EXERCISE DESCRIPTION
Using the records below, repeat exactly the lines from the one holding "case (2 N V Nb d T f M Astar)" through the one holding "equal values are", both ends included, and no others.

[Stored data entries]
----------------------------------------

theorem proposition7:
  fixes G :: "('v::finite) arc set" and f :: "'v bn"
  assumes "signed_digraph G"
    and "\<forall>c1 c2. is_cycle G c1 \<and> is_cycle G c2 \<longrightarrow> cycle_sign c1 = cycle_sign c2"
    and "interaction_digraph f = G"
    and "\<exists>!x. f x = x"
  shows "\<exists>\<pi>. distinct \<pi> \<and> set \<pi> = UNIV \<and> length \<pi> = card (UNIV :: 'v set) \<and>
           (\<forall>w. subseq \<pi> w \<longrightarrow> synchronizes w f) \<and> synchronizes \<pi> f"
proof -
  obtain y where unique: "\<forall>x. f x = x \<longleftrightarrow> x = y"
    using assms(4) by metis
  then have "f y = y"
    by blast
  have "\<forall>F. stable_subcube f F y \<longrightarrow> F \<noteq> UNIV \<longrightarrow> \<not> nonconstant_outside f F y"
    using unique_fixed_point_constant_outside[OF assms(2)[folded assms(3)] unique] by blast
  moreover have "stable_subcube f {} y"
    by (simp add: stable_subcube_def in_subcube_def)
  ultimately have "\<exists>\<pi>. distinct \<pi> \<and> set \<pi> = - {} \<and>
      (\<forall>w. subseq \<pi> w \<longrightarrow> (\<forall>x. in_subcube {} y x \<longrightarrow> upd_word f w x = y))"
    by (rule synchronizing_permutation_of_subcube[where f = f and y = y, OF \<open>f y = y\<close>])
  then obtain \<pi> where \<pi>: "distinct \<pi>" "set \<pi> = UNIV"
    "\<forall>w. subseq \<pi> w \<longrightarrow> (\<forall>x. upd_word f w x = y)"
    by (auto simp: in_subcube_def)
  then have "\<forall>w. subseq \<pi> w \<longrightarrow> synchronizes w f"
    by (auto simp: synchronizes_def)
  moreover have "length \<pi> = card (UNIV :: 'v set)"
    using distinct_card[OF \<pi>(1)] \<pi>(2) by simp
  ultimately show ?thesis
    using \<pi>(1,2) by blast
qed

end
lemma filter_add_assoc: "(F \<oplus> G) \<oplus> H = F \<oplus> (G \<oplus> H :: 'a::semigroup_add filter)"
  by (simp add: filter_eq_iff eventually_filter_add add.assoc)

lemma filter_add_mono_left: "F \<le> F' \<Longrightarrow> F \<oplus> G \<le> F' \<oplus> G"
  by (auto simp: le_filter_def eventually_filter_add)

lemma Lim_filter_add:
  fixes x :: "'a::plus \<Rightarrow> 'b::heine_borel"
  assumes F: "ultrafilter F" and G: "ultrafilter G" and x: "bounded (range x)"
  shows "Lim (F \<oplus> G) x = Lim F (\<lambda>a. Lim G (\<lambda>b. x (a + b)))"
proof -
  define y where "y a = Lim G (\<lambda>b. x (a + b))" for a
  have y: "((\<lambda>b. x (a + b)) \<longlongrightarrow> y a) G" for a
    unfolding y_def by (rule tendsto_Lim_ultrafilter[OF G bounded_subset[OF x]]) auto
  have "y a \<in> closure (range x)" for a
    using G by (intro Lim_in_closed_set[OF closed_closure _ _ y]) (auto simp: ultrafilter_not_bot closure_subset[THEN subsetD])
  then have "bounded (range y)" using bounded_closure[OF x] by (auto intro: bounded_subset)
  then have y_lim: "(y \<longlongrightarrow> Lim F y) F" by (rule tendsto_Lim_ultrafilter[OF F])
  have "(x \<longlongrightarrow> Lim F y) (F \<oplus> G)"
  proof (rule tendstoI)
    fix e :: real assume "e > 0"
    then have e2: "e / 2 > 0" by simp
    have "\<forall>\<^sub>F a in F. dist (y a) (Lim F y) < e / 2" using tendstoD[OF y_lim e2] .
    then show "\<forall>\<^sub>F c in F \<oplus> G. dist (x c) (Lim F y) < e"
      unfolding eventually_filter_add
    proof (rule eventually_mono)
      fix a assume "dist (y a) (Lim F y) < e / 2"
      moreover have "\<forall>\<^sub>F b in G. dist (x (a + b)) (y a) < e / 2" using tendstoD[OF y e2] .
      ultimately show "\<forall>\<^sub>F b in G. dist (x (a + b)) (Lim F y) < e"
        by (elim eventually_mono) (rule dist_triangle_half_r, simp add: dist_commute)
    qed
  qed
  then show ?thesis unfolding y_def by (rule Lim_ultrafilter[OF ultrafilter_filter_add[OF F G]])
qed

----------------------------------------

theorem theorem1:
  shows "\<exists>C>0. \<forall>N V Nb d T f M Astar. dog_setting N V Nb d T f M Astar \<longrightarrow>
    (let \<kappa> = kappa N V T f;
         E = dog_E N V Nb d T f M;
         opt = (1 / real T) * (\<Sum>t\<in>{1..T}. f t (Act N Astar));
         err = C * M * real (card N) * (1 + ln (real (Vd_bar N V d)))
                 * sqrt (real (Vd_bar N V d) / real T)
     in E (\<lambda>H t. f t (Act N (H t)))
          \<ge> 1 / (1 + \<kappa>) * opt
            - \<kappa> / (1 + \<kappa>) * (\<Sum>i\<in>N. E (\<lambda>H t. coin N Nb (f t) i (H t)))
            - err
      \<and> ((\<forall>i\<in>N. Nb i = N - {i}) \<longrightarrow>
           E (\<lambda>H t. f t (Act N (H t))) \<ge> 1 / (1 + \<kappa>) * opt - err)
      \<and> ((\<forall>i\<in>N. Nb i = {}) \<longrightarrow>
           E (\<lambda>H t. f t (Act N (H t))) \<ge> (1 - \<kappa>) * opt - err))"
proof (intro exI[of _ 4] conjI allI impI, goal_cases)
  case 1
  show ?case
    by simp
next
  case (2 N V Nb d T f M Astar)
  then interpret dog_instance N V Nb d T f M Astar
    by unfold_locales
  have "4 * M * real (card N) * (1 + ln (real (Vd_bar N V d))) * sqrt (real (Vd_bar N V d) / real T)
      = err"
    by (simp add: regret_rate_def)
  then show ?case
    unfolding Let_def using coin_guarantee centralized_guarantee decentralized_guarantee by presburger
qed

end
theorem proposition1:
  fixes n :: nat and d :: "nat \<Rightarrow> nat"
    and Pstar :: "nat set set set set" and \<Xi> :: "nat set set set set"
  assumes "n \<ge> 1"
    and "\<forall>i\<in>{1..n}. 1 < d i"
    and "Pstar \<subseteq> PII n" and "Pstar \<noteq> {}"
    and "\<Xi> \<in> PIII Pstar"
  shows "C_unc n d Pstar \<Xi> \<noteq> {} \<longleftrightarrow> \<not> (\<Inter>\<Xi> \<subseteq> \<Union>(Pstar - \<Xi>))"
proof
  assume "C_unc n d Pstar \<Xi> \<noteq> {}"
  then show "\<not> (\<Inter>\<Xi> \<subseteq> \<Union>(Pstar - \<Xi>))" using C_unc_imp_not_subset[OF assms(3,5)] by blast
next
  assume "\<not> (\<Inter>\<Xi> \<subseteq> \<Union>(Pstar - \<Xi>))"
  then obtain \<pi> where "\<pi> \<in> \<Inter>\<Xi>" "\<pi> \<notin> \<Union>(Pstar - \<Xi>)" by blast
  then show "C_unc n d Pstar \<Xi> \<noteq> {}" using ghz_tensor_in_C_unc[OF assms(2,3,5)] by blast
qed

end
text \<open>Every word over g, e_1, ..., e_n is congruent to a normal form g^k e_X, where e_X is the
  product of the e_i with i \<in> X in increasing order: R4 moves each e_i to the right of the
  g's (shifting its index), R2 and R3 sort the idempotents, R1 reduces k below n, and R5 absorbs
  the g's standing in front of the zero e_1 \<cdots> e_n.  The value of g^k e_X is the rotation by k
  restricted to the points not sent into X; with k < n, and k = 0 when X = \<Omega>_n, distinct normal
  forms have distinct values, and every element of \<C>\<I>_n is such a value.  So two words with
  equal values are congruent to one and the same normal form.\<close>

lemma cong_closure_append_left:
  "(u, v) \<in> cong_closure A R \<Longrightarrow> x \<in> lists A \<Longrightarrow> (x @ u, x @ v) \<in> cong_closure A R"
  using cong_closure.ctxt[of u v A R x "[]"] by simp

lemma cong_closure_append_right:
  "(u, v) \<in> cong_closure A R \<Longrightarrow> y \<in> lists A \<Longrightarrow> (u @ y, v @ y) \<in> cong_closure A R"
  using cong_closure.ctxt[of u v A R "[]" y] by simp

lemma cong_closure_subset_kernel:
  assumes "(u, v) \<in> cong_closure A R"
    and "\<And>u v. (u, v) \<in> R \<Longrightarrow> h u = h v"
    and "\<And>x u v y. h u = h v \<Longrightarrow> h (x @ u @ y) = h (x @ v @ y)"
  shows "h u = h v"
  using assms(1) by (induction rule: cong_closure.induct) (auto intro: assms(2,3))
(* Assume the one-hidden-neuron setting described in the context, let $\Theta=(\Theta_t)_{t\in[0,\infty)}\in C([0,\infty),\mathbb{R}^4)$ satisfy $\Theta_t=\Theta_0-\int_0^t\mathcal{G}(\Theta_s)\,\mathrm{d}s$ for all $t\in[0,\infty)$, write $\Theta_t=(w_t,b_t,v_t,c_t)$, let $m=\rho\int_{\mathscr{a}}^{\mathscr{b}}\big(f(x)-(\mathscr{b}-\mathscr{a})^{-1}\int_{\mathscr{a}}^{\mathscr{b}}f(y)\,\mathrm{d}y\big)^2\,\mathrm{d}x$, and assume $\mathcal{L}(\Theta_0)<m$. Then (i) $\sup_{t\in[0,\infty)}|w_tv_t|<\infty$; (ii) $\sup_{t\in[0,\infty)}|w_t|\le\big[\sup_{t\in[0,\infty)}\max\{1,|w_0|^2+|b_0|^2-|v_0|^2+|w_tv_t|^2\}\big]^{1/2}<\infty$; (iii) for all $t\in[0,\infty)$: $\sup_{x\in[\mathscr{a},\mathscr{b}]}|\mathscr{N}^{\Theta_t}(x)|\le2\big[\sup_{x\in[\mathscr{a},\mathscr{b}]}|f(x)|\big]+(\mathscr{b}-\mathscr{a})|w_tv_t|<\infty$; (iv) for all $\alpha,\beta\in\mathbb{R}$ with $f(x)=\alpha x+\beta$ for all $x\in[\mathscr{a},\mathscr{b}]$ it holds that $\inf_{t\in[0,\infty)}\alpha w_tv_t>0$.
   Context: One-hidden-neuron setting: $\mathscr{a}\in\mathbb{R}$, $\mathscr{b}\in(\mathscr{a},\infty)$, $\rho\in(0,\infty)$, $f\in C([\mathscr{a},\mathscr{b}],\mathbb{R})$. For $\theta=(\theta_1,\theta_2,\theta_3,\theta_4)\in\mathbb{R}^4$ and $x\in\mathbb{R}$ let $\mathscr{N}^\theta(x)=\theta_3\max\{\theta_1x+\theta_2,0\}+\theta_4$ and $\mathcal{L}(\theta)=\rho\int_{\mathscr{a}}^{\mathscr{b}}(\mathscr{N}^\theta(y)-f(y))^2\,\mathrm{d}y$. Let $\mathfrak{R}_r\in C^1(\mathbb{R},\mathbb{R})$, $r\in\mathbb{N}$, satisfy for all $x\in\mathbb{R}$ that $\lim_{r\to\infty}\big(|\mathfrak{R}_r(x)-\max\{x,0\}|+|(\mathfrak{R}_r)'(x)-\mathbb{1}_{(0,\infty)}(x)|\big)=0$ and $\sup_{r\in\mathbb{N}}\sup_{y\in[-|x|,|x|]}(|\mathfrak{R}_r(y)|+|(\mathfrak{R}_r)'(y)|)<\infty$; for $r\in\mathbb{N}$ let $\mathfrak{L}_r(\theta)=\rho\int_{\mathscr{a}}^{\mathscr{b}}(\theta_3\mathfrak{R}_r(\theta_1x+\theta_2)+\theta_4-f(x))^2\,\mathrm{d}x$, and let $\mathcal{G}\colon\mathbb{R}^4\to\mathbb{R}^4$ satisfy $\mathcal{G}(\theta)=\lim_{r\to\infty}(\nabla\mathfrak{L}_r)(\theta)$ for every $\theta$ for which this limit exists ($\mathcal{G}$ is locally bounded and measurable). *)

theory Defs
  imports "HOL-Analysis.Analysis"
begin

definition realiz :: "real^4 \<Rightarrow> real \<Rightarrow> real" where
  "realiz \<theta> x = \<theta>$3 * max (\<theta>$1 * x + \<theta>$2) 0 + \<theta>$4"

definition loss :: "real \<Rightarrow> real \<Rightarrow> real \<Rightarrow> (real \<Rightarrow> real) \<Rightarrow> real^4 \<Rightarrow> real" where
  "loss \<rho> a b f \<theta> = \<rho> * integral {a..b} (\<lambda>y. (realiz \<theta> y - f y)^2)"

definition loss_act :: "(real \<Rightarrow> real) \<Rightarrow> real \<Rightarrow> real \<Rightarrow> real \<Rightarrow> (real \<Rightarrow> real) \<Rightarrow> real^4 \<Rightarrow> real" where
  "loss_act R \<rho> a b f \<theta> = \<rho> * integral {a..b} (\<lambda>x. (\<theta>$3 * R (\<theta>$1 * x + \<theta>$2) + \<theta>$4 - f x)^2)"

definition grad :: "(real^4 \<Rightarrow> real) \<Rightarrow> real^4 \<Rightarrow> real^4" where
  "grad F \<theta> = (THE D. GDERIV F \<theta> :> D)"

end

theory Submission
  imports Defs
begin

----------------------------------------

EXERCISE ANSWER
  case (2 N V Nb d T f M Astar)
  then interpret dog_instance N V Nb d T f M Astar
    by unfold_locales
  have "4 * M * real (card N) * (1 + ln (real (Vd_bar N V d))) * sqrt (real (Vd_bar N V d) / real T)
      = err"
    by (simp add: regret_rate_def)
  then show ?case
    unfolding Let_def using coin_guarantee centralized_guarantee decentralized_guarantee by presburger
qed

end
theorem proposition1:
  fixes n :: nat and d :: "nat \<Rightarrow> nat"
    and Pstar :: "nat set set set set" and \<Xi> :: "nat set set set set"
  assumes "n \<ge> 1"
    and "\<forall>i\<in>{1..n}. 1 < d i"
    and "Pstar \<subseteq> PII n" and "Pstar \<noteq> {}"
    and "\<Xi> \<in> PIII Pstar"
  shows "C_unc n d Pstar \<Xi> \<noteq> {} \<longleftrightarrow> \<not> (\<Inter>\<Xi> \<subseteq> \<Union>(Pstar - \<Xi>))"
proof
  assume "C_unc n d Pstar \<Xi> \<noteq> {}"
  then show "\<not> (\<Inter>\<Xi> \<subseteq> \<Union>(Pstar - \<Xi>))" using C_unc_imp_not_subset[OF assms(3,5)] by blast
next
  assume "\<not> (\<Inter>\<Xi> \<subseteq> \<Union>(Pstar - \<Xi>))"
  then obtain \<pi> where "\<pi> \<in> \<Inter>\<Xi>" "\<pi> \<notin> \<Union>(Pstar - \<Xi>)" by blast
  then show "C_unc n d Pstar \<Xi> \<noteq> {}" using ghz_tensor_in_C_unc[OF assms(2,3,5)] by blast
qed

end
text \<open>Every word over g, e_1, ..., e_n is congruent to a normal form g^k e_X, where e_X is the
  product of the e_i with i \<in> X in increasing order: R4 moves each e_i to the right of the
  g's (shifting its index), R2 and R3 sort the idempotents, R1 reduces k below n, and R5 absorbs
  the g's standing in front of the zero e_1 \<cdots> e_n.  The value of g^k e_X is the rotation by k
  restricted to the points not sent into X; with k < n, and k = 0 when X = \<Omega>_n, distinct normal
  forms have distinct values, and every element of \<C>\<I>_n is such a value.  So two words with
  equal values are congruent to one and the same normal form.\<close>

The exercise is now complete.